** Opening Record set block **
definition coset_flag :: "('a,'b) monoid_scheme \<Rightarrow> ('i \<Rightarrow> 'a set) \<Rightarrow> 'i set \<Rightarrow> ('i \<times> 'a set) set \<Rightarrow> bool" where
  "coset_flag G H I Fl \<longleftrightarrow> Fl \<subseteq> coset_elements G H I \<and>
     (\<forall>x\<in>Fl. \<forall>y\<in>Fl. x \<noteq> y \<longrightarrow> coset_incident x y)"

definition flag_type :: "('i \<times> 'a set) set \<Rightarrow> 'i set" where
  "flag_type Fl = fst ` Fl"

definition right_act :: "('a,'b) monoid_scheme \<Rightarrow> 'a \<Rightarrow> ('i \<times> 'a set) \<Rightarrow> ('i \<times> 'a set)" where
  "right_act G a x = (fst x, snd x #>\<^bsub>G\<^esub> a)"

definition flag_transitive :: "('a,'b) monoid_scheme \<Rightarrow> ('i \<Rightarrow> 'a set) \<Rightarrow> 'i set \<Rightarrow> bool" where
  "flag_transitive G H I \<longleftrightarrow>
     (\<forall>J \<subseteq> I. \<forall>F1 F2. coset_flag G H I F1 \<and> flag_type F1 = J \<and>
                     coset_flag G H I F2 \<and> flag_type F2 = J \<longrightarrow>
                     (\<exists>a \<in> carrier G. right_act G a ` F1 = F2))"

end

theory Submission
  imports Defs
begin

text \<open>Every element of the subgroup generated by an independent family is the value of a unique
  reduced word. Deleting from such a word its longest prefix avoiding the index i does not change
  its right coset modulo G_i, so every such coset is G_i v for a reduced word v that is empty or
  starts with a letter of index i, and its elements are the values of the reduced words p v with
  p avoiding i. If G_i v and G_k w meet and v is not longer than w, uniqueness of reduced words
  applied to a common element p v = q w gives w = u v with u a suffix of p, so w lies in G_i v.
  Hence the value of the longest of these representatives in a finite flag lies in every coset of
  the flag. A flag through a common element b is {G_i b : i in J}, and right multiplication by
  b^-1 b' maps it to the flag of the same type through b'.\<close>

section \<open>Reduced words\<close>

abbreviation letters :: "(bool \<times> 'i) list \<Rightarrow> 'i set" where
  "letters w \<equiv> snd ` set w"

fun cancel_cons :: "bool \<times> 'i \<Rightarrow> (bool \<times> 'i) list \<Rightarrow> (bool \<times> 'i) list" where
  "cancel_cons (b, i) ((c, j) # w) = (if i = j \<and> b \<noteq> c then w else (b, i) # (c, j) # w)"
| "cancel_cons x [] = [x]"

definition reduce :: "(bool \<times> 'i) list \<Rightarrow> (bool \<times> 'i) list" where
  "reduce w = foldr cancel_cons w []"

definition inv_word :: "(bool \<times> 'i) list \<Rightarrow> (bool \<times> 'i) list" where
  "inv_word w = rev (map (\<lambda>(b, i). (\<not> b, i)) w)"

lemma reduced_word_ConsD: "reduced_word (x # w) \<Longrightarrow> reduced_word w"
  by (cases x; cases w) auto

lemma reduced_word_append:
  "reduced_word (xs @ ys) \<longleftrightarrow> reduced_word xs \<and> reduced_word ys \<and>
     (xs \<noteq> [] \<longrightarrow> ys \<noteq> [] \<longrightarrow> \<not> (snd (last xs) = snd (hd ys) \<and> fst (last xs) \<noteq> fst (hd ys)))"
proof (induction xs)
  case Nil
  then show ?case by simp
next
  case (Cons x xs)
  show ?case
  proof (cases xs)
    case Nil
    then show ?thesis by (cases x; cases ys) auto
  next
    case (Cons y zs)
    then show ?thesis using Cons.IH by (cases x; cases y) auto
  qed
qed

lemma reduced_word_cancel_cons:
  assumes "reduced_word w"
  shows "reduced_word (cancel_cons x w)"
proof (cases w)
  case (Cons y w')
  then show ?thesis using assms by (cases x; cases y) (auto dest: reduced_word_ConsD)
qed simp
** Closing Record set block **
▶ **Your assignment**:
In the entries above, the lines between the one holding "list \<Rightarrow> 'i" and the one holding "reduced_word ys \<and>", inclusive, are to be printed exactly as written, and those alone.

▶ **The answer**:
abbreviation letters :: "(bool \<times> 'i) list \<Rightarrow> 'i set" where
  "letters w \<equiv> snd ` set w"

fun cancel_cons :: "bool \<times> 'i \<Rightarrow> (bool \<times> 'i) list \<Rightarrow> (bool \<times> 'i) list" where
  "cancel_cons (b, i) ((c, j) # w) = (if i = j \<and> b \<noteq> c then w else (b, i) # (c, j) # w)"
| "cancel_cons x [] = [x]"

definition reduce :: "(bool \<times> 'i) list \<Rightarrow> (bool \<times> 'i) list" where
  "reduce w = foldr cancel_cons w []"

definition inv_word :: "(bool \<times> 'i) list \<Rightarrow> (bool \<times> 'i) list" where
  "inv_word w = rev (map (\<lambda>(b, i). (\<not> b, i)) w)"

lemma reduced_word_ConsD: "reduced_word (x # w) \<Longrightarrow> reduced_word w"
  by (cases x; cases w) auto

lemma reduced_word_append:
  "reduced_word (xs @ ys) \<longleftrightarrow> reduced_word xs \<and> reduced_word ys \<and>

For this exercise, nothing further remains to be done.